> _What is required_:
Each line below that includes the word "symbols" is to be reported.
★ ★ ★
lemma wr_vcmp:
  assumes f: "f \<in> Hom K a b" and g: "g \<in> Hom K b c"
    and \<beta>: "\<beta> \<in> Cell K g g'" and \<beta>': "\<beta>' \<in> Cell K g' g''"
  shows "wr K (vcmp K \<beta>' \<beta>) f = vcmp K (wr K \<beta>' f) (wr K \<beta> f)"
  using interchange[OF f g idc_cell[OF f] idc_cell[OF f] \<beta> \<beta>']
  unfolding wr_def by (simp add: vcmp_idc_right[OF idc_cell[OF f]])

lemma whisker_exchange:
  assumes f: "f \<in> Hom K a b" and g: "g \<in> Hom K b c"
    and \<alpha>: "\<alpha> \<in> Cell K f f'" and \<beta>: "\<beta> \<in> Cell K g g'"
  shows "vcmp K (wl K g' \<alpha>) (wr K \<beta> f) = vcmp K (wr K \<beta> f') (wl K g \<alpha>)"
proof -
  have f': "f' \<in> Hom K a b" and g': "g' \<in> Hom K b c"
    using cell_target_hom \<alpha> \<beta> f g by blast+
  have "vcmp K (wl K g' \<alpha>) (wr K \<beta> f) = hcmp K \<beta> \<alpha>"
    using interchange[OF f g idc_cell[OF f] \<alpha> \<beta> idc_cell[OF g']]
    unfolding wl_def wr_def by (simp add: vcmp_idc_right[OF \<alpha>] vcmp_idc_left[OF \<beta>])
  also have "\<dots> = vcmp K (wr K \<beta> f') (wl K g \<alpha>)"
    using interchange[OF f g \<alpha> idc_cell[OF f'] idc_cell[OF g] \<beta>]
    unfolding wl_def wr_def by (simp add: vcmp_idc_left[OF \<alpha>] vcmp_idc_right[OF \<beta>])
  finally show ?thesis .
qed

lemma wr_unit_cell:
  "W \<in> Hom K a b \<Longrightarrow> \<eta> \<in> Cell K (ide K b) t \<Longrightarrow> wr K \<eta> W \<in> Cell K W (cmp K t W)"
  using wr_cell[OF _ ide_hom] hom_ob cmp_ide_left by metis

lemma wl_counit_cell:
  "W \<in> Hom K b c \<Longrightarrow> F \<in> Hom K a b \<Longrightarrow> \<epsilon> \<in> Cell K F (ide K b) \<Longrightarrow>
   wl K W \<epsilon> \<in> Cell K (cmp K W F) W"
  using wl_cell cmp_ide_right by metis

lemma vcmp_assoc_subst:
  assumes eq: "vcmp K \<beta> \<alpha> = vcmp K \<delta> \<gamma>" and \<rho>: "\<rho> \<in> Cell K e f"
    and "\<alpha> \<in> Cell K f g" "\<beta> \<in> Cell K g h" "\<gamma> \<in> Cell K f g'" "\<delta> \<in> Cell K g' h"
  shows "vcmp K \<beta> (vcmp K \<alpha> \<rho>) = vcmp K \<delta> (vcmp K \<gamma> \<rho>)"
  using vcmp_assoc[OF \<rho>] assms by metis

lemma idempotent_2cell_vcmp:
  assumes \<alpha>: "\<alpha> \<in> Cell K X W" and \<beta>: "\<beta> \<in> Cell K W X"
    and retract: "vcmp K \<alpha> (vcmp K \<beta> \<alpha>) = \<alpha>"
  shows "idempotent_2cell K W (vcmp K \<alpha> \<beta>)"
proof -
  have "vcmp K (vcmp K \<alpha> \<beta>) (vcmp K \<alpha> \<beta>) = vcmp K (vcmp K \<alpha> (vcmp K \<beta> \<alpha>)) \<beta>"
    using vcmp_assoc[OF vcmp_cell[OF \<beta> \<alpha>] \<beta> \<alpha>] vcmp_assoc[OF \<beta> \<alpha> \<beta>]
      vcmp_assoc[OF \<beta> vcmp_cell[OF \<alpha> \<beta>] \<alpha>] by simp
  then show ?thesis
    unfolding idempotent_2cell_def using retract vcmp_cell[OF \<beta> \<alpha>] by simp
qed

lemma whiskered_counit_interchange:
  assumes W: "W \<in> Hom K a b" and F: "F \<in> Hom K a a" and \<epsilon>: "\<epsilon> \<in> Cell K F (ide K a)"
  shows "vcmp K (wl K W \<epsilon>) (wl K (cmp K W F) \<epsilon>) = vcmp K (wl K W \<epsilon>) (wr K (wl K W \<epsilon>) F)"
proof -
  have F\<epsilon>: "wl K F \<epsilon> \<in> Cell K (cmp K F F) F" using wl_counit_cell[OF F F \<epsilon>] .
  have \<epsilon>F: "wr K \<epsilon> F \<in> Cell K (cmp K F F) F" using wr_cell[OF F F \<epsilon>] cmp_ide_left[OF F] by simp
  have "vcmp K \<epsilon> (wl K F \<epsilon>) = vcmp K \<epsilon> (wr K \<epsilon> F)"
    using whisker_exchange[OF F F \<epsilon> \<epsilon>] wl_ide[OF F \<epsilon>] wr_ide[OF F \<epsilon>] by simp
  then have "wl K W (vcmp K \<epsilon> (wl K F \<epsilon>)) = wl K W (vcmp K \<epsilon> (wr K \<epsilon> F))" by simp
  then show ?thesis
    using wl_vcmp[OF W cmp_hom[OF F F] F\<epsilon> \<epsilon>] wl_vcmp[OF W cmp_hom[OF F F] \<epsilon>F \<epsilon>]
      wl_cmp[OF W F F \<epsilon>] wl_wr[OF F F W \<epsilon>] by simp
qed

lemma monad_unit_absorb:
  assumes T: "monad K k t \<mu> \<eta>" and U: "U \<in> Hom K a k"
    and \<psi>: "\<psi> \<in> Cell K (cmp K t U) X" and \<phi>: "\<phi> \<in> Cell K (cmp K t X) X"
    and law: "vcmp K \<phi> (wl K t \<psi>) = vcmp K \<psi> (wr K \<mu> U)"
  shows "vcmp K \<phi> (vcmp K (wr K \<eta> X) \<psi>) = \<psi>"
proof -
  have t: "t \<in> Hom K k k" and k: "ide K k \<in> Hom K k k" and \<mu>: "\<mu> \<in> Cell K (cmp K t t) t"
    and \<eta>: "\<eta> \<in> Cell K (ide K k) t" and unit: "vcmp K \<mu> (wr K \<eta> t) = idc K t"
    using T ide_hom unfolding monad_def by auto
  have tU: "cmp K t U \<in> Hom K a k" using cmp_hom[OF U t] .
  have ttU: "cmp K (cmp K t t) U = cmp K t (cmp K t U)" using cmp_assoc[OF U t t] by simp
  have \<eta>tU: "wr K (wr K \<eta> t) U \<in> Cell K (cmp K t U) (cmp K t (cmp K t U))"
    using wr_cell[OF U t wr_unit_cell[OF t \<eta>]] ttU by simp
  have \<mu>U: "wr K \<mu> U \<in> Cell K (cmp K t (cmp K t U)) (cmp K t U)"
    using wr_cell[OF U cmp_hom[OF t t] \<mu>] ttU by simp
  have t\<psi>: "wl K t \<psi> \<in> Cell K (cmp K t (cmp K t U)) (cmp K t X)" using wl_cell[OF t tU \<psi>] .
  have "vcmp K (wr K \<eta> X) \<psi> = vcmp K (wl K t \<psi>) (wr K (wr K \<eta> t) U)"
    using whisker_exchange[OF tU k \<psi> \<eta>] wl_ide[OF tU \<psi>] wr_cmp[OF U t k \<eta>] by simp
  then have "vcmp K \<phi> (vcmp K (wr K \<eta> X) \<psi>) = vcmp K (vcmp K \<psi> (wr K \<mu> U)) (wr K (wr K \<eta> t) U)"
    using vcmp_assoc[OF \<eta>tU t\<psi> \<phi>] law by simp
  also have "\<dots> = vcmp K \<psi> (wr K (vcmp K \<mu> (wr K \<eta> t)) U)"
    using vcmp_assoc[OF \<eta>tU \<mu>U \<psi>] wr_vcmp[OF U t wr_unit_cell[OF t \<eta>] \<mu>] by simp
  also have "\<dots> = \<psi>"
    using unit wr_idc[OF U t] vcmp_idc_right[OF \<psi>] by simp
  finally show ?thesis .
qed
(* Fix integers $1\le N_c\le N_f$, Zipf exponent $\delta>0$ with $p_f=f^{-\delta}/\sum_{n=1}^{N_f}n^{-\delta}$, and parameters $\alpha>2$, integer $M_1\ge1$, $\lambda_{12},P_{12},B_{12}>0$. For $x>0$ define $\mathsf C_1(x)=\lambda_{12}(P_{12}B_{12})^{2/\alpha}{}_2F_1[-\tfrac2\alpha,M_1;1-\tfrac2\alpha;-\tfrac{x}{M_1B_{12}}]$, $\mathsf C_2(x)=\Gamma(1-\tfrac2\alpha)\Gamma(1+\tfrac2\alpha)x^{2/\alpha}$, $\mathsf C_3(x)={}_2F_1[-\tfrac2\alpha,1;1-\tfrac2\alpha;-x]-\mathsf C_2(x)-1$, and let $\underline{\mathbf q}^*(x)$ be the maximizer over $\{\mathbf q\in[0,1]^{N_f}:\sum_fq_f\le N_c\}$ of the high-user-density lower bound $$\underline p_{{\rm s},2}(\mathbf q;x)=\sum_{f=1}^{N_f}\frac{p_fq_f}{\mathsf C_1(x)+\mathsf C_2(x)+(\mathsf C_3(x)+1)q_f},$$ given by $\underline q^*_f(x)=\Big[\frac{\sqrt{\mathsf C_1(x)+\mathsf C_2(x)}}{\sqrt\nu(\mathsf C_3(x)+1)}\sqrt{p_f}-\frac{\mathsf C_1(x)+\mathsf C_2(x)}{\mathsf C_3(x)+1}\Big]_0^1$ with $\nu>0$ such that $\sum_f\underline q^*_f(x)=N_c$. Let $x=\bar\gamma=2^{\frac{R_0}{W}(1+1.28\frac{\lambda_u}{\lambda_2}\mathcal P^o)}-1$ with $W>0$ and $\mathcal P^o>0$ fixed. Then as $R_0\to\infty$ (all other parameters fixed), and also as $\lambda_u/\lambda_2\to\infty$ (all other parameters, including $R_0>0$, fixed), $$\underline q^*_f(\bar\gamma)\to1\ \text{ for }f=1,\dots,N_c,\qquad \underline q^*_f(\bar\gamma)\to0\ \text{ for }f=N_c+1,\dots,N_f.$$
   Context: $[x]_0^1=\max\{\min\{x,1\},0\}$; ${}_2F_1$ is the Gauss hypergeometric function, $\Gamma$ the Gamma function. $R_0$ is the per-user rate requirement, $W$ the bandwidth, $\lambda_u/\lambda_2$ the user-to-helper density ratio, $\mathcal P^o$ the maximal helper-tier association probability; $\lambda_{12}=\lambda_1/\lambda_2$, $P_{12}=P_1/P_2$, $B_{12}=B_1/B_2$. In the high-user-density regime all helpers are active. The conclusion means that caching the $N_c$ most popular files at every helper becomes optimal. *)

theory Defs
  imports "HOL-Analysis.Analysis"
begin

definition hyp2f1_series :: "real \<Rightarrow> real \<Rightarrow> real \<Rightarrow> real \<Rightarrow> real" where
  "hyp2f1_series a b c z =
     (\<Sum>n. pochhammer a n * pochhammer b n / pochhammer c n * z ^ n / fact n)"
(* Let $(X,T),(Y,S)$ be $1$-step shifts of finite type over a finite alphabet $\mathcal{A}$, let $F:\mathcal{A}^2\to\mathbb{R}$ and $f(x,y)=F(x(0),y(0))$, and suppose $(X,T)$ is transitive. Then there is a constant $D_X\in\mathbb{N}$, depending on $(X,T)$ but not on $f$, such that for all integers $a\le b$, all $(v_1,v_2)\in P_{a,b}$ and all $y_0\in Y$, $$\min_{x\in X}\mathbb{S}_{[a,b]}f(x,y_0)\le H_{a,b,v_1,v_2}(y_0)\le\Big[\min_{x\in X}\mathbb{S}_{[a,b]}f(x,y_0)\Big]+4D_X\|f\|,$$ where $\|f\|$ is the supremum norm.
   Context: $\mathcal{A}^{\mathbb{Z}}$ carries the product of discrete topologies and the left shift $(Tx)(j)=x(j+1)$. A shift is a nonempty compact $X\subseteq\mathcal{A}^{\mathbb{Z}}$ with $TX=X$; it is a $1$-step shift of finite type if there is $\mathcal{F}\subseteq\mathcal{A}^{\{0,1\}}$ with $X=\{x:(T^jx)|_{[0,1]}\notin\mathcal{F}\ \forall j\}$. A shift $X$ is transitive if there is $D\in\mathbb{N}$ such that for all $x_1,x_2\in X$ and integers $b_1,a_2$ with $a_2-b_1\ge D$ there is $x'\in X$ with $x'(j)=x_1(j)$ for $j\le b_1$ and $x'(j)=x_2(j)$ for $j\ge a_2$. $\mathbb{S}_{[a,b]}f(x,y)=\sum_{j=a}^bf(T^jx,S^jy)$. $P_{a,b}=\{(v_1,v_2)\in\mathcal{A}^2:\exists x\in X,x(a)=v_1,x(b)=v_2\}$ and $H_{a,b,v_1,v_2}(y)=\min\{\mathbb{S}_{[a,b]}f(x,y):x\in X,x(a)=v_1,x(b)=v_2\}$. *)

theory Defs
  imports "HOL-Analysis.Analysis"
begin

definition shiftT :: "(int \<Rightarrow> 'a) \<Rightarrow> (int \<Rightarrow> 'a)" where
  "shiftT x = (\<lambda>j. x (j + 1))"

definition shift_pow :: "int \<Rightarrow> (int \<Rightarrow> 'a) \<Rightarrow> (int \<Rightarrow> 'a)" where
  "shift_pow n x = (\<lambda>j. x (j + n))"

definition full_shift_topology :: "(int \<Rightarrow> 'a) topology" where
  "full_shift_topology = product_topology (\<lambda>_. discrete_topology UNIV) UNIV"

definition is_shift :: "(int \<Rightarrow> 'a::finite) set \<Rightarrow> bool" where
  "is_shift X \<longleftrightarrow> X \<noteq> {} \<and> compactin full_shift_topology X \<and> shiftT ` X = X"

text \<open>1-step shift of finite type: forbidden words of length 2 (elements of A^{0,1}
  encoded as pairs (w(0), w(1))).\<close>
definition is_1step_sft :: "(int \<Rightarrow> 'a::finite) set \<Rightarrow> bool" where
  "is_1step_sft X \<longleftrightarrow> is_shift X \<and>
     (\<exists>Fb :: ('a \<times> 'a) set. X = {x. \<forall>j. (x j, x (j + 1)) \<notin> Fb})"

definition transitive_shift :: "(int \<Rightarrow> 'a::finite) set \<Rightarrow> bool" where
  "transitive_shift X \<longleftrightarrow> (\<exists>D::nat. \<forall>x1\<in>X. \<forall>x2\<in>X. \<forall>b1 a2 :: int. a2 - b1 \<ge> int D \<longrightarrow>
     (\<exists>x'\<in>X. (\<forall>j\<le>b1. x' j = x1 j) \<and> (\<forall>j\<ge>a2. x' j = x2 j)))"

definition birkhoff_sum ::
  "((int \<Rightarrow> 'a) \<Rightarrow> (int \<Rightarrow> 'b) \<Rightarrow> real) \<Rightarrow> int \<Rightarrow> int \<Rightarrow> (int \<Rightarrow> 'a) \<Rightarrow> (int \<Rightarrow> 'b) \<Rightarrow> real" where
  "birkhoff_sum f a b x y = (\<Sum>j\<in>{a..b}. f (shift_pow j x) (shift_pow j y))"

definition Pset :: "(int \<Rightarrow> 'a) set \<Rightarrow> int \<Rightarrow> int \<Rightarrow> ('a \<times> 'a) set" where
  "Pset X a b = {(v1, v2). \<exists>x\<in>X. x a = v1 \<and> x b = v2}"

definition Hfun ::
  "(int \<Rightarrow> 'a) set \<Rightarrow> ((int \<Rightarrow> 'a) \<Rightarrow> (int \<Rightarrow> 'b) \<Rightarrow> real) \<Rightarrow> int \<Rightarrow> int \<Rightarrow> 'a \<Rightarrow> 'a \<Rightarrow> (int \<Rightarrow> 'b) \<Rightarrow> real" where
  "Hfun X f a b v1 v2 y = Min ((\<lambda>x. birkhoff_sum f a b x y) ` {x\<in>X. x a = v1 \<and> x b = v2})"

definition sup_norm ::
  "(int \<Rightarrow> 'a) set \<Rightarrow> (int \<Rightarrow> 'b) set \<Rightarrow> ((int \<Rightarrow> 'a) \<Rightarrow> (int \<Rightarrow> 'b) \<Rightarrow> real) \<Rightarrow> real" where
  "sup_norm X Y f = (SUP p\<in>X \<times> Y. \<bar>f (fst p) (snd p)\<bar>)"

end

theory Submission
  imports Defs
begin

text \<open>Let \<open>x\<^sub>*\<close> minimise the Birkhoff sum over all of \<open>X\<close>, and let \<open>z \<in> X\<close> realise the
  boundary symbols \<open>(v\<^sub>1, v\<^sub>2)\<close>. Transitivity with gap \<open>D\<close> glues \<open>z\<close> on \<open>(-\<infinity>, a]\<close>, \<open>x\<^sub>*\<close> on
  \<open>[a + D, b - D]\<close> and \<open>z\<close> on \<open>[b, \<infinity>)\<close> into a single point \<open>w \<in> X\<close> with the prescribed
  boundary symbols. Since \<open>w\<close> differs from \<open>x\<^sub>*\<close> at no more than \<open>2D\<close> sites of \<open>[a, b]\<close>, each
  costing at most \<open>2\<parallel>f\<parallel>\<close>, its sum exceeds the global minimum by at most \<open>4D\<parallel>f\<parallel>\<close>.\<close>

definition gluing_gap :: "(int \<Rightarrow> 'a) set \<Rightarrow> nat \<Rightarrow> bool" where
  "gluing_gap X D \<longleftrightarrow> (\<forall>u\<in>X. \<forall>v\<in>X. \<forall>s t :: int. t - s \<ge> int D \<longrightarrow>
     (\<exists>w\<in>X. (\<forall>j\<le>s. w j = u j) \<and> (\<forall>j\<ge>t. w j = v j)))"

lemma transitive_shift_iff_gluing_gap: "transitive_shift X \<longleftrightarrow> (\<exists>D. gluing_gap X D)"
  unfolding transitive_shift_def gluing_gap_def by blast

lemma gluing_gapE:
  assumes "gluing_gap X D" "u \<in> X" "v \<in> X" "t - s \<ge> int D"
  obtains w where "w \<in> X" "\<And>j. j \<le> s \<Longrightarrow> w j = u j" "\<And>j. j \<ge> t \<Longrightarrow> w j = v j"
  using assms unfolding gluing_gap_def by blast

lemma gluing_gap_replace_middle:
  assumes "gluing_gap X D" "z \<in> X" "u \<in> X"
  obtains w where "w \<in> X" "w a = z a" "w b = z b"
    "\<And>j. a + int D \<le> j \<Longrightarrow> j \<le> b - int D \<Longrightarrow> w j = u j"
proof (cases "a + int D \<le> b - int D")
  case True
  obtain x1 where x1: "x1 \<in> X" "\<And>j. j \<le> a \<Longrightarrow> x1 j = z j" "\<And>j. j \<ge> a + int D \<Longrightarrow> x1 j = u j"
    by (rule gluing_gapE[OF assms, where s = a and t = "a + int D"]) auto
  obtain x2 where x2: "x2 \<in> X" "\<And>j. j \<le> b - int D \<Longrightarrow> x2 j = x1 j" "\<And>j. j \<ge> b \<Longrightarrow> x2 j = z j"
    by (rule gluing_gapE[OF assms(1) x1(1) assms(2), where s = "b - int D" and t = b]) auto
  show ?thesis
  proof (rule that[of x2])
    show "x2 a = z a"
      using True by (simp add: x1(2) x2(2))
  qed (auto simp: x1 x2)
next
  case False
  then show ?thesis
    using that[of z] assms(2) by simp
qed

lemma sum_le_sum_agree_off_ends:
  fixes g h :: "int \<Rightarrow> real"
  assumes "\<And>j. \<bar>g j\<bar> \<le> M" "\<And>j. \<bar>h j\<bar> \<le> M"
    and agree: "\<And>j. a + int D \<le> j \<Longrightarrow> j \<le> b - int D \<Longrightarrow> g j = h j"
  shows "sum g {a..b} \<le> sum h {a..b} + 4 * real D * M"
proof -
  define E where "E = {a..b} - {a + int D..b - int D}"
  have M_nonneg: "0 \<le> M"
    using assms(1)[of 0] by linarith
  have "card E \<le> card ({a..<a + int D} \<union> {b - int D<..b})"
    unfolding E_def by (intro card_mono) auto
  also have "\<dots> \<le> 2 * D"
    using card_Un_le[of "{a..<a + int D}" "{b - int D<..b}"] by simp
  finally have card_E: "card E \<le> 2 * D" .
  have "sum g {a..b} - sum h {a..b} = (\<Sum>j\<in>E. g j - h j)"
    unfolding sum_subtractf[symmetric] E_def
    by (intro sum.mono_neutral_right) (auto simp: agree)
  also have "\<dots> \<le> real (card E) * (2 * M)"
  proof (rule sum_bounded_above)
    fix j
    show "g j - h j \<le> 2 * M"
      using assms(1,2)[of j] unfolding abs_le_iff by linarith
  qed
  also have "\<dots> \<le> real (2 * D) * (2 * M)"
    using card_E M_nonneg by (intro mult_right_mono) auto
  finally show ?thesis by simp
qed

lemma is_1step_sft_shift_pow:
  assumes "is_1step_sft X" "x \<in> X"
  shows "shift_pow n x \<in> X"
proof -
  obtain Fb where Fb: "X = {x. \<forall>j. (x j, x (j + 1)) \<notin> Fb}"
    using assms(1) unfolding is_1step_sft_def by blast
  have "(x (j + n), x (j + 1 + n)) \<notin> Fb" for j
    using assms(2) Fb by (auto simp: add.commute add.left_commute)
  then show ?thesis
    using Fb unfolding shift_pow_def by simp
qed

lemma birkhoff_sum_single_site:
  "birkhoff_sum (\<lambda>x y. F (x 0) (y 0)) a b x y = (\<Sum>j\<in>{a..b}. F (x j) (y j))"
  unfolding birkhoff_sum_def shift_pow_def by simp

lemma single_site_le_sup_norm:
  fixes F :: "'a::finite \<Rightarrow> 'b::finite \<Rightarrow> real"
  assumes "is_1step_sft X" "is_1step_sft Y" "x \<in> X" "y \<in> Y"
  shows "\<bar>F (x j) (y j)\<bar> \<le> sup_norm X Y (\<lambda>x y. F (x 0) (y 0))"
proof -
  have fin: "finite ((\<lambda>p. \<bar>F (fst p 0) (snd p 0)\<bar>) ` (X \<times> Y))"
    by (rule finite_subset[of _ "range (\<lambda>(u, v). \<bar>F u v\<bar>)"]) auto
  have mem: "(shift_pow j x, shift_pow j y) \<in> X \<times> Y"
    using assms by (simp add: is_1step_sft_shift_pow)
  have "\<bar>F (x j) (y j)\<bar> = (\<lambda>p. \<bar>F (fst p 0) (snd p 0)\<bar>) (shift_pow j x, shift_pow j y)"
    by (simp add: shift_pow_def)
  also have "\<dots> \<le> (SUP p\<in>X \<times> Y. \<bar>F (fst p 0) (snd p 0)\<bar>)"
    by (rule cSUP_upper[OF mem bdd_above_finite[OF fin]])
  finally show ?thesis
    by (simp add: sup_norm_def)
qed

lemma finite_image_site_sums:
  fixes F :: "'a::finite \<Rightarrow> 'b \<Rightarrow> real" and a b :: int
  shows "finite ((\<lambda>x. \<Sum>j\<in>{a..b}. F (x j) (y j)) ` A)"
proof (rule finite_subset)
  show "(\<lambda>x. \<Sum>j\<in>{a..b}. F (x j) (y j)) ` A \<subseteq>
        (\<lambda>g. \<Sum>j\<in>{a..b}. F (g j) (y j)) ` ({a..b} \<rightarrow>\<^sub>E UNIV)"
  proof (rule image_subsetI)
    fix x
    show "(\<Sum>j\<in>{a..b}. F (x j) (y j)) \<in> (\<lambda>g. \<Sum>j\<in>{a..b}. F (g j) (y j)) ` ({a..b} \<rightarrow>\<^sub>E UNIV)"
      by (rule rev_image_eqI[of "restrict x {a..b}"]) simp_all
  qed
  show "finite ((\<lambda>g. \<Sum>j\<in>{a..b}. F (g j) (y j)) ` ({a..b} \<rightarrow>\<^sub>E (UNIV :: 'a set)))"
    by (intro finite_imageI finite_PiE) simp_all
qed

lemma Min_birkhoff_sum_le_Hfun:
  fixes F :: "'a::finite \<Rightarrow> 'b \<Rightarrow> real"
  assumes "(v1, v2) \<in> Pset X a b"
  defines "f \<equiv> \<lambda>x y. F (x 0) (y 0)"
  shows "Min ((\<lambda>x. birkhoff_sum f a b x y) ` X) \<le> Hfun X f a b v1 v2 y"
  using assms unfolding Hfun_def f_def birkhoff_sum_single_site Pset_def
  by (intro Min_antimono) (auto simp: finite_image_site_sums)

lemma Hfun_le_Min_birkhoff_sum:
  fixes F :: "'a::finite \<Rightarrow> 'a \<Rightarrow> real"
  assumes X: "is_1step_sft X" "gluing_gap X D" and Y: "is_1step_sft Y" "y \<in> Y"
    and "(v1, v2) \<in> Pset X a b"
  defines "f \<equiv> \<lambda>x y. F (x 0) (y 0)"
  shows "Hfun X f a b v1 v2 y \<le> Min ((\<lambda>x. birkhoff_sum f a b x y) ` X) + 4 * real D * sup_norm X Y f"
proof -
  let ?g = "\<lambda>x. \<Sum>j\<in>{a..b}. F (x j) (y j)"
  let ?S = "{x\<in>X. x a = v1 \<and> x b = v2}"
  obtain z where z: "z \<in> X" "z a = v1" "z b = v2"
    using assms(5) unfolding Pset_def by auto
  have "Min (?g ` X) \<in> ?g ` X"
    using z(1) by (intro Min_in finite_image_site_sums) auto
  then obtain x_min where x_min: "x_min \<in> X" "?g x_min = Min (?g ` X)"
    by auto
  obtain w where w: "w \<in> X" "w a = v1" "w b = v2"
    and agree: "\<And>j. a + int D \<le> j \<Longrightarrow> j \<le> b - int D \<Longrightarrow> w j = x_min j"
    using gluing_gap_replace_middle[OF X(2) z(1) x_min(1)] z by metis
  have "Min (?g ` ?S) \<le> ?g w"
    using w by (intro Min_le finite_image_site_sums) auto
  also have "\<dots> \<le> ?g x_min + 4 * real D * sup_norm X Y f"
    unfolding f_def
    by (intro sum_le_sum_agree_off_ends single_site_le_sup_norm X(1) Y w(1) x_min(1))
      (simp add: agree)
  finally show ?thesis
    unfolding Hfun_def f_def birkhoff_sum_single_site x_min(2) .
qed

theorem lemma3p8:
  fixes X :: "(int \<Rightarrow> 'a::finite) set"
  assumes "is_1step_sft X" and "transitive_shift X"
  shows "\<exists>D::nat. \<forall>(Y :: (int \<Rightarrow> 'a) set) (F :: 'a \<Rightarrow> 'a \<Rightarrow> real).
    is_1step_sft Y \<longrightarrow>
    (let f = (\<lambda>x y. F (x 0) (y 0)) in
     \<forall>a b :: int. a \<le> b \<longrightarrow> (\<forall>(v1, v2)\<in>Pset X a b. \<forall>y0\<in>Y.
       Min ((\<lambda>x. birkhoff_sum f a b x y0) ` X) \<le> Hfun X f a b v1 v2 y0 \<and>
       Hfun X f a b v1 v2 y0 \<le> Min ((\<lambda>x. birkhoff_sum f a b x y0) ` X) + 4 * real D * sup_norm X Y f))"
proof -
  obtain D where D: "gluing_gap X D"
    using assms(2) transitive_shift_iff_gluing_gap by blast
  show ?thesis
    unfolding Let_def
    using Min_birkhoff_sum_le_Hfun Hfun_le_Min_birkhoff_sum[OF assms(1) D]
    by (intro exI[of _ D] allI impI ballI) auto
qed

end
★ ★ ★
> _Reply_:
  boundary symbols \<open>(v\<^sub>1, v\<^sub>2)\<close>. Transitivity with gap \<open>D\<close> glues \<open>z\<close> on \<open>(-\<infinity>, a]\<close>, \<open>x\<^sub>*\<close> on
  boundary symbols. Since \<open>w\<close> differs from \<open>x\<^sub>*\<close> at no more than \<open>2D\<close> sites of \<open>[a, b]\<close>, each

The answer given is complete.